What you need to do
Provide the number of lines below that include "lambda", without any other words.

Records to process

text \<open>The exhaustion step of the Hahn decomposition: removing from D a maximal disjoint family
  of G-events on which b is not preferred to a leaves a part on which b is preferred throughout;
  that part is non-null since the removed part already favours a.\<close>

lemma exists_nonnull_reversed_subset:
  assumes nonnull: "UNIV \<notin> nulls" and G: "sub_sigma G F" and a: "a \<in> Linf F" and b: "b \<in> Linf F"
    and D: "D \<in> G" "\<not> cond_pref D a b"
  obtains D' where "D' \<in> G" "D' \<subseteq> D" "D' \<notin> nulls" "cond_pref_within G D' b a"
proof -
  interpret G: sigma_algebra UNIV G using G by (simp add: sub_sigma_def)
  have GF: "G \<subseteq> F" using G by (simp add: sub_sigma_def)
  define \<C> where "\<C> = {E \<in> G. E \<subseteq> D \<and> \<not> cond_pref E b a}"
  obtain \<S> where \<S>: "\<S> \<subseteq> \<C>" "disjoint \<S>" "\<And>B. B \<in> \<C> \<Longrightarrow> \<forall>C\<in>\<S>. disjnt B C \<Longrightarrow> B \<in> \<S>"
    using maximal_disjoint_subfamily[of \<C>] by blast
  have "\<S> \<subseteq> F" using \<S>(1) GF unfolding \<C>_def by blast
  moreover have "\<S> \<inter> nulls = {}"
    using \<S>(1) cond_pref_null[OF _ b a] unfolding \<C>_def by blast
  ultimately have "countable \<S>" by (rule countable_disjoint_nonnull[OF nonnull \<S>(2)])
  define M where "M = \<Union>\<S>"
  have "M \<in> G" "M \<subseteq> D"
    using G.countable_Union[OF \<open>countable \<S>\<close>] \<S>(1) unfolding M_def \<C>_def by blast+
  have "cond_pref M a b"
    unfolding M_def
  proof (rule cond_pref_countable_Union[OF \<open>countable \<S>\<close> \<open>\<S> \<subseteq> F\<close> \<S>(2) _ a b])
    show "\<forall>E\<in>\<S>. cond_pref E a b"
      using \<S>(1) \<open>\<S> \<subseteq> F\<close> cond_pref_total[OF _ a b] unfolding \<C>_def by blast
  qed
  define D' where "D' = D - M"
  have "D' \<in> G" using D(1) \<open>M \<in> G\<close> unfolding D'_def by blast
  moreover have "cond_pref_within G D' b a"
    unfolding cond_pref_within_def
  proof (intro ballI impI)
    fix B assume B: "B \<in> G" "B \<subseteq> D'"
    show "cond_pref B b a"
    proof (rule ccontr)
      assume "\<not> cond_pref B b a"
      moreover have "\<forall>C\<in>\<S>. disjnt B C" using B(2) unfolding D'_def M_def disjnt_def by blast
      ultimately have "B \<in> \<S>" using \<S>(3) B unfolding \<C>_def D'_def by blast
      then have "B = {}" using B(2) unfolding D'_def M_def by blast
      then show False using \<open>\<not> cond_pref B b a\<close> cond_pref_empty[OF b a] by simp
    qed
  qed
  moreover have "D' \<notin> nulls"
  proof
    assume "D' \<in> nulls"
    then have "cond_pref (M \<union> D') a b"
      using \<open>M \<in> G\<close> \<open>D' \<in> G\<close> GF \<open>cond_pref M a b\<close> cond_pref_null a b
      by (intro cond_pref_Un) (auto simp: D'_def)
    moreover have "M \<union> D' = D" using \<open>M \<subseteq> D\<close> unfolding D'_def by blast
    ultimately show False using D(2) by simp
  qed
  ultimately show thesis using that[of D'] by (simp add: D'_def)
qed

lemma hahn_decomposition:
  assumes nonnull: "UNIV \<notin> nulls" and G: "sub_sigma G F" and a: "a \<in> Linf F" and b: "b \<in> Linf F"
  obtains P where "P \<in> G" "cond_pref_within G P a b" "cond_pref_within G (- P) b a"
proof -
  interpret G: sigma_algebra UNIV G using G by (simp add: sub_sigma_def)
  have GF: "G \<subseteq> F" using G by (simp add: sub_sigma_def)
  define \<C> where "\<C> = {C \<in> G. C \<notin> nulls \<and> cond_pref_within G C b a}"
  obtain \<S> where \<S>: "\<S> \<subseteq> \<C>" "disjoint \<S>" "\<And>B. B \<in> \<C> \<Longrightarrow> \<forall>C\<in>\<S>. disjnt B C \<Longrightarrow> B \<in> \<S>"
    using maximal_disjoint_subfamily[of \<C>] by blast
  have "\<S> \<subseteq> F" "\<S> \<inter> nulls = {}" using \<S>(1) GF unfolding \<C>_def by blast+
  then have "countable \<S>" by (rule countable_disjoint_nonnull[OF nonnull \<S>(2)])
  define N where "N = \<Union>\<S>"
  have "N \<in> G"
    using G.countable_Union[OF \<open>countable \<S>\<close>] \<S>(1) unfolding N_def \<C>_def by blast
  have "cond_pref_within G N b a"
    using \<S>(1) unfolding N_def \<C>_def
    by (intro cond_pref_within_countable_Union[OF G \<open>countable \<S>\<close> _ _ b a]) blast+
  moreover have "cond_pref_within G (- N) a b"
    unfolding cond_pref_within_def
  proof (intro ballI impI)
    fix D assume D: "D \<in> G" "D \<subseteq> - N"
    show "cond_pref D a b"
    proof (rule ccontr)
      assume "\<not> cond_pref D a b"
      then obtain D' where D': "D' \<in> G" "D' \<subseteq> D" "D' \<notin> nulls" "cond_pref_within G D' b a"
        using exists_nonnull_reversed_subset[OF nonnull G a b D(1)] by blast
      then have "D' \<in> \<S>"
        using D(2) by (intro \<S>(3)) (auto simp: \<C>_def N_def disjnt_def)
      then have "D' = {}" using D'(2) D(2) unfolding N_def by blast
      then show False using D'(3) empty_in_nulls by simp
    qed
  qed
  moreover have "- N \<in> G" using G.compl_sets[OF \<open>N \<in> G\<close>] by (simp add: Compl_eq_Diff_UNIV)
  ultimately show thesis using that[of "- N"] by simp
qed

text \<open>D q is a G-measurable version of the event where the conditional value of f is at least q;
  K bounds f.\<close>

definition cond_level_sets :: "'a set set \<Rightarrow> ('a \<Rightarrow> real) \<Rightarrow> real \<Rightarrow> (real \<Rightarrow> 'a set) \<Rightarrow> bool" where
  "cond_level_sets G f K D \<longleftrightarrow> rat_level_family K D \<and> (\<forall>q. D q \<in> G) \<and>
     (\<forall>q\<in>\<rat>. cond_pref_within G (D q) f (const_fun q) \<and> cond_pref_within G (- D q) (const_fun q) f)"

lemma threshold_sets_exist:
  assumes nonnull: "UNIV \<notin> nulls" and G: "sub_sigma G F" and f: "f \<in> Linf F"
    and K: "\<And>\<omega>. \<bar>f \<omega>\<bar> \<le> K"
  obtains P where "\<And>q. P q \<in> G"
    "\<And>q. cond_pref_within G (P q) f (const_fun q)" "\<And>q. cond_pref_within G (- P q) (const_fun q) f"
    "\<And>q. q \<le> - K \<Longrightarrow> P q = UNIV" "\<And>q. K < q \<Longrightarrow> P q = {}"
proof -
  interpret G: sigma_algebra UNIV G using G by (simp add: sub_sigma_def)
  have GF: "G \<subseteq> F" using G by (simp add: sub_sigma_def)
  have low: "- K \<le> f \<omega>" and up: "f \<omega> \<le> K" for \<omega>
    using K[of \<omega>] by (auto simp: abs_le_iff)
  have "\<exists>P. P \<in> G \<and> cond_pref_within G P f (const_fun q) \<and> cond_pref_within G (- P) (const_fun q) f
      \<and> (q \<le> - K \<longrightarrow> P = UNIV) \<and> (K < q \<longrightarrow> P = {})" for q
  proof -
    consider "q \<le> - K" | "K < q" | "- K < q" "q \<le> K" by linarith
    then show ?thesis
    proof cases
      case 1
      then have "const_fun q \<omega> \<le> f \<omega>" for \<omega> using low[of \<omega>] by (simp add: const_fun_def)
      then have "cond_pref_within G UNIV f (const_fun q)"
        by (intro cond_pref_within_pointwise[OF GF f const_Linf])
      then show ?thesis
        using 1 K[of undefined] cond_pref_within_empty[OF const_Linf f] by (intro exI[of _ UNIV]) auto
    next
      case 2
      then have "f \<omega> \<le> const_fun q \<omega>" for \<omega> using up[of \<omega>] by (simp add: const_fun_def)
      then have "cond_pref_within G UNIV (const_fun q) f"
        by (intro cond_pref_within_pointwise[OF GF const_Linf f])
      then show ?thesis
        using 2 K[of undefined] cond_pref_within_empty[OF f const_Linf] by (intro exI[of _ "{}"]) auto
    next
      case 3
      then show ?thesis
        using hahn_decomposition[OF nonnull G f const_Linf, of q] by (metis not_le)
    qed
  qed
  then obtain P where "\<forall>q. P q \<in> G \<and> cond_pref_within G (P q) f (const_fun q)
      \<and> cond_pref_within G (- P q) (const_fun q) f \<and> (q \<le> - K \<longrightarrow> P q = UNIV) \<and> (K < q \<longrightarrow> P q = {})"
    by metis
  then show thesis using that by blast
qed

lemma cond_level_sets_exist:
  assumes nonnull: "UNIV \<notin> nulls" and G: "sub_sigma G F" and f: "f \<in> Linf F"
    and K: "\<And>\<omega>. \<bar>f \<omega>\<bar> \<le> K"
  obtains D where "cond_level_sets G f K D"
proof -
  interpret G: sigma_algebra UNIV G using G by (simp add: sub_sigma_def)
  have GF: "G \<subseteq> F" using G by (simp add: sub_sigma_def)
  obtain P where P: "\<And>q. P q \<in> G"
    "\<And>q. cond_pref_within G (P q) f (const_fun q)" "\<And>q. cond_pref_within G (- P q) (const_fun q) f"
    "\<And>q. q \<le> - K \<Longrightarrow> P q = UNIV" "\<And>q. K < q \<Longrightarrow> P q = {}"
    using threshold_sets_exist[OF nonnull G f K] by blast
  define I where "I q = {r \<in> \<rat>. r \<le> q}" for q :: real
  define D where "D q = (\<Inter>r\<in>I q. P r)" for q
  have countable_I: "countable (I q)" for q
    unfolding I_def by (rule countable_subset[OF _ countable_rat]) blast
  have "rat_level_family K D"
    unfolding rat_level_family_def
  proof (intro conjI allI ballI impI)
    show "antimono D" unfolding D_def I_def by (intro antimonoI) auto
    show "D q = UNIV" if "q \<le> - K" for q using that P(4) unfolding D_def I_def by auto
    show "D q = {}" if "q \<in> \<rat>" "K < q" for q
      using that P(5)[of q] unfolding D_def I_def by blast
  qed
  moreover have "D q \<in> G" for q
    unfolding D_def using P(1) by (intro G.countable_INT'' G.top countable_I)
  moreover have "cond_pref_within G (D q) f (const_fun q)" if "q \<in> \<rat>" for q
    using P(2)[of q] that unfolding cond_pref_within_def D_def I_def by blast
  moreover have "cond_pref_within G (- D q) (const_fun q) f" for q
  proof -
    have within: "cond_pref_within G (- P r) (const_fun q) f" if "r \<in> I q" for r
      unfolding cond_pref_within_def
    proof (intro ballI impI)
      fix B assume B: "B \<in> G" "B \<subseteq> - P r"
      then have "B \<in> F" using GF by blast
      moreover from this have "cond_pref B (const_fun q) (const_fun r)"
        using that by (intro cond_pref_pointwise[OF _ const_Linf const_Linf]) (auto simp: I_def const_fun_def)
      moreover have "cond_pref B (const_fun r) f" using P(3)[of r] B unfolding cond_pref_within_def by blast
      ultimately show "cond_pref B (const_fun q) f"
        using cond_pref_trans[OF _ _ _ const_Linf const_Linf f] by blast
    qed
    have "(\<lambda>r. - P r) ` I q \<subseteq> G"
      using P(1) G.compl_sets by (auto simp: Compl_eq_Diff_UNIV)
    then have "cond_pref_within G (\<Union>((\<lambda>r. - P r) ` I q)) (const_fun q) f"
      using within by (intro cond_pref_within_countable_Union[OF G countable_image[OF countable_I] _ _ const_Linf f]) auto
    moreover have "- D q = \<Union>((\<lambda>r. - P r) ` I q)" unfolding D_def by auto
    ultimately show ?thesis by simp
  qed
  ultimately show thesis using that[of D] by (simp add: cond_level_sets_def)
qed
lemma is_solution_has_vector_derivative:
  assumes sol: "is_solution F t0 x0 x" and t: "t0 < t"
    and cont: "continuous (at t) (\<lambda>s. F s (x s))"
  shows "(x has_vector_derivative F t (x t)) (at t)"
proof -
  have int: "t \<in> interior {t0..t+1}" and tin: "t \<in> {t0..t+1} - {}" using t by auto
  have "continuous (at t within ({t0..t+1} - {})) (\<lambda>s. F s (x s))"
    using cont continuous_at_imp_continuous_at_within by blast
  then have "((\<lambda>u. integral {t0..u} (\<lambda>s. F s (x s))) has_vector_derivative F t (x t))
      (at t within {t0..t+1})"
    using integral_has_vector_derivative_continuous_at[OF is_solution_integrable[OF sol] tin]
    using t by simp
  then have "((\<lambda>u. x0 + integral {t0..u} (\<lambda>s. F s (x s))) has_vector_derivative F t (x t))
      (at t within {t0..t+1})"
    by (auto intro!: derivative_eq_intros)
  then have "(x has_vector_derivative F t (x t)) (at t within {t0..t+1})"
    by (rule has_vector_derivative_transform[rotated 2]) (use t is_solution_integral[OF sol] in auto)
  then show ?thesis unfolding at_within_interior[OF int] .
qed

Finished task
7